CHK and Csk Kinase Activities upon HRG Stimulation of MCF-7
Cells--
Next, we evaluated the kinase activity of the overexpressed
CHK (Fig. 3B). Upon stimulation with HRG, CHK kinase
activity in MCF-7/CHK(wt) cells was increased (2-fold) compared with
values measured in non-induced cells. No significant CHK kinase
activity was detected in control MCF-7 cells and MCF-7/CHK(dk) cells.
Similar levels of Csk kinase activity were detected in all types of
MCF-7 cells, in both the absence as well as the presence of HRG (Fig. 3C), which confirms that Csk is constitutively active and
its kinase activity is not affected upon stimulation by HRG and/or by
CHK overexpression.
CHK Overexpression Inhibits in Vitro MCF-7 Cell Proliferation,
Transformation, and Invasion--
MCF-7/CHK(wt) cell proliferation was
not induced upon HRG stimulation, whereas control MCF-7 cells and
MCF-7/CHK(dk) cells did proliferate in response to HRG (Fig.
4A).
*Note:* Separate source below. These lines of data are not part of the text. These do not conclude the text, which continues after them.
(* Let $\hat\mu_n=F(\hat m_n^1,\dots,\hat m_n^{l_1},m_n^{l_1+1},\dots,m_n^{l_1+l_2})$ be a moment-type estimator as in the context (conditions (i)–(iii)), and suppose in addition that $F$ is uniformly locally linearly approximable: there exist $N$, $C>0$, $\epsilon>0$ and, for each $n$, a matrix $dF_{m_n}\in\mathbb{R}^{k\times l_1}$ such that for all $n\ge N$ and all $\tilde m_{r}=(\tilde m^1,\dots,\tilde m^{l_1})'$ with $\|\tilde m_r-m_{n,r}\|_2^2<\epsilon$, $$\|F(\tilde m^1,\dots,\tilde m^{l_1},m_n^{l_1+1},\dots,m_n^{l_1+l_2})-F(m_n)-dF_{m_n}(\tilde m_r-m_{n,r})\|_2\le C\|\tilde m_r-m_{n,r}\|_2^2,$$ where $m_n=(m_n^1,\dots,m_n^{l_1+l_2})$ and $m_{n,r}=(m_n^1,\dots,m_n^{l_1})'$. Define the linearization $\hat\mu_n^L=F(m_n)+dF_{m_n}(\hat m_{n,r}-m_{n,r})$ with $\hat m_{n,r}=(\hat m_n^1,\dots,\hat m_n^{l_1})'$. If $|||\mathbf{D}|||_2/n\to0$, then $$\hat\mu_n-\hat\mu_n^L=o_p\Big(\sqrt{|||\mathbf{D}|||_2/n}\Big)=o_p(1),$$ and $$\mathrm{Var}(\hat\mu_n^L)=\frac1{n^2}z'\mathbf{D}z,\qquad z=\Big(\sum_{s=1}^{l_1}dF^s_{m_n}1_{kn}'\,\mathrm{diag}(\phi^s)\Big)'\in\mathbb{R}^{kn\times k},$$ where $dF^s_{m_n}\in\mathbb{R}^{k}$ is the $s$-th column of $dF_{m_n}$. Moreover, if $\frac1n\|z\|_2^2=O(1)$ (Frobenius norm), then every entry of $\mathrm{Var}(\hat\mu_n^L)$ is $O(|||\mathbf{D}|||_2/n)$, and hence $O(1/n)$ if also $|||\mathbf{D}|||_2=O(1)$.
   Context: Setup: there are $k$ treatment arms and $n$ units; $k$ is fixed while $n\to\infty$ along a sequence of finite populations, each with its own randomized design. All probabilities, expectations, variances, $O_p$ and $o_p$ refer only to the randomness of the treatment assignment. $\mathbf{R}_{ai}\in\{0,1\}$ indicates that unit $i$ is assigned to arm $a$ (exactly one arm per unit); $\mathbf{R}$ is the $kn\times kn$ diagonal matrix with diagonal $(\mathbf{R}_{11},\dots,\mathbf{R}_{1n},\mathbf{R}_{21},\dots,\mathbf{R}_{kn})$; $\pi=\mathrm{E}[\mathbf{R}]$ with diagonal entries in $(0,1)$; $1_{kn}$ is the all-ones vector; $\mathbf{D}=\mathrm{Var}(\pi^{-1}\mathbf{R}1_{kn})$; $|||\cdot|||_2$ is the spectral norm; $\mathrm{diag}(v)$ is the diagonal matrix with diagonal $v$. Moment-type estimator: fixed integers $l_1\ge1,l_2\ge0$; for each $n$, nonrandom $\phi^1,\dots,\phi^{l_1+l_2}\in\mathbb{R}^{kn}$ and a map $F=F_n:\mathbb{R}^{l_1+l_2}\to\mathbb{R}^k$ with (i) $\hat\mu_n=F(\hat m_n^1,\dots,\hat m_n^{l_1},m_n^{l_1+1},\dots,m_n^{l_1+l_2})$, $\hat m_n^s=\frac1n1_{kn}'\pi^{-1}\mathbf{R}\phi^s$, $m_n^s=\frac1n1_{kn}'\phi^s$; (ii) there exist $N,C,\epsilon>0$ such that for $n\ge N$ and $\sum_{s\le l_1}(\tilde m^s-m_n^s)^2<\epsilon$, $\|F(\tilde m^1,\dots,\tilde m^{l_1},m_n^{l_1+1},\dots)-F(m_n)\|_2\le C\sqrt{\sum_{s\le l_1}(\tilde m^s-m_n^s)^2}$; (iii) $\frac1n\|\phi^s\|_2^2\le C'$ for all $s,n$. *)

theory Defs
  imports "HOL-Probability.Probability" "HOL-Library.Landau_Symbols"
begin

text \<open>A randomized design on n units with k arms is a pmf over assignment
  functions w, where w i is the arm of unit i (i < n).  Vectors in R^{kn} are
  functions on pairs (a,i) with a < k, i < n.\<close>

definition Rind :: "(nat \<Rightarrow> nat) \<Rightarrow> nat \<Rightarrow> nat \<Rightarrow> real" where
  "Rind w a i = (if w i = a then 1 else 0)"

definition piD :: "(nat \<Rightarrow> nat) pmf \<Rightarrow> nat \<Rightarrow> nat \<Rightarrow> real" where
  "piD P a i = measure_pmf.expectation P (\<lambda>w. Rind w a i)"

definition covar :: "'a pmf \<Rightarrow> ('a \<Rightarrow> real) \<Rightarrow> ('a \<Rightarrow> real) \<Rightarrow> real" where
  "covar P X Y = measure_pmf.expectation P
     (\<lambda>w. (X w - measure_pmf.expectation P X) * (Y w - measure_pmf.expectation P Y))"

definition idx :: "nat \<Rightarrow> nat \<Rightarrow> (nat \<times> nat) set" where
  "idx k n = {..<k} \<times> {..<n}"

definition mhat :: "(nat \<Rightarrow> nat) pmf \<Rightarrow> nat \<Rightarrow> nat \<Rightarrow> (nat \<Rightarrow> nat \<Rightarrow> real)
    \<Rightarrow> (nat \<Rightarrow> nat) \<Rightarrow> real" where
  "mhat P k n phi w = (1 / real n) * (\<Sum>(a,i)\<in>idx k n. Rind w a i * phi a i / piD P a i)"

definition mpop :: "nat \<Rightarrow> nat \<Rightarrow> (nat \<Rightarrow> nat \<Rightarrow> real) \<Rightarrow> real" where
  "mpop k n phi = (1 / real n) * (\<Sum>(a,i)\<in>idx k n. phi a i)"

definition Dmat :: "(nat \<Rightarrow> nat) pmf \<Rightarrow> nat \<times> nat \<Rightarrow> nat \<times> nat \<Rightarrow> real" where
  "Dmat P r c = covar P (\<lambda>w. Rind w (fst r) (snd r) / piD P (fst r) (snd r))
                         (\<lambda>w. Rind w (fst c) (snd c) / piD P (fst c) (snd c))"

definition vnorm :: "'i set \<Rightarrow> ('i \<Rightarrow> real) \<Rightarrow> real" where
  "vnorm I v = sqrt (\<Sum>r\<in>I. (v r)\<^sup>2)"

definition spec_norm :: "'i set \<Rightarrow> ('i \<Rightarrow> 'i \<Rightarrow> real) \<Rightarrow> real" where
  "spec_norm I M = Sup {vnorm I (\<lambda>r. \<Sum>c\<in>I. M r c * x c) | x. vnorm I x \<le> 1}"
In addition, the anchorage-independent growth of MCF-7/CHK(wt) cells in soft agar was
significantly decreased (5- to 6-fold) as compared with control MCF-7
cells and MCF-7/CHK(dk) cells (Fig. 4B).
It has been reported that ErbB-2/neu is necessary for the induction of
carcinoma cell invasion (40) and that MCF-7 cell migration could be
induced after HRG stimulation (41). Therefore, we evaluated the
biological effect of overexpressed CHK by analyzing the ability of
transfected MCF-7 cells to invade Matrigel (Fig. 4C). We
confirmed that the invasion of control MCF-7 cells was increased
(2-fold) in response to HRG. Upon HRG stimulation, invasion of
MCF-7/CHK(wt) cells was significantly inhibited (33% inhibition and
p < 0.001) as compared with non-transfected MCF-7
cells. Interestingly, in the presence of HRG, the invasion of
MCF-7/CHK(dk) cells was also significantly reduced (24% inhibition and
p < 0.001) as compared with non-transfected MCF-7
cells. This suggests that the kinase activity of CHK is required but
not sufficient for inhibition of the invasion process.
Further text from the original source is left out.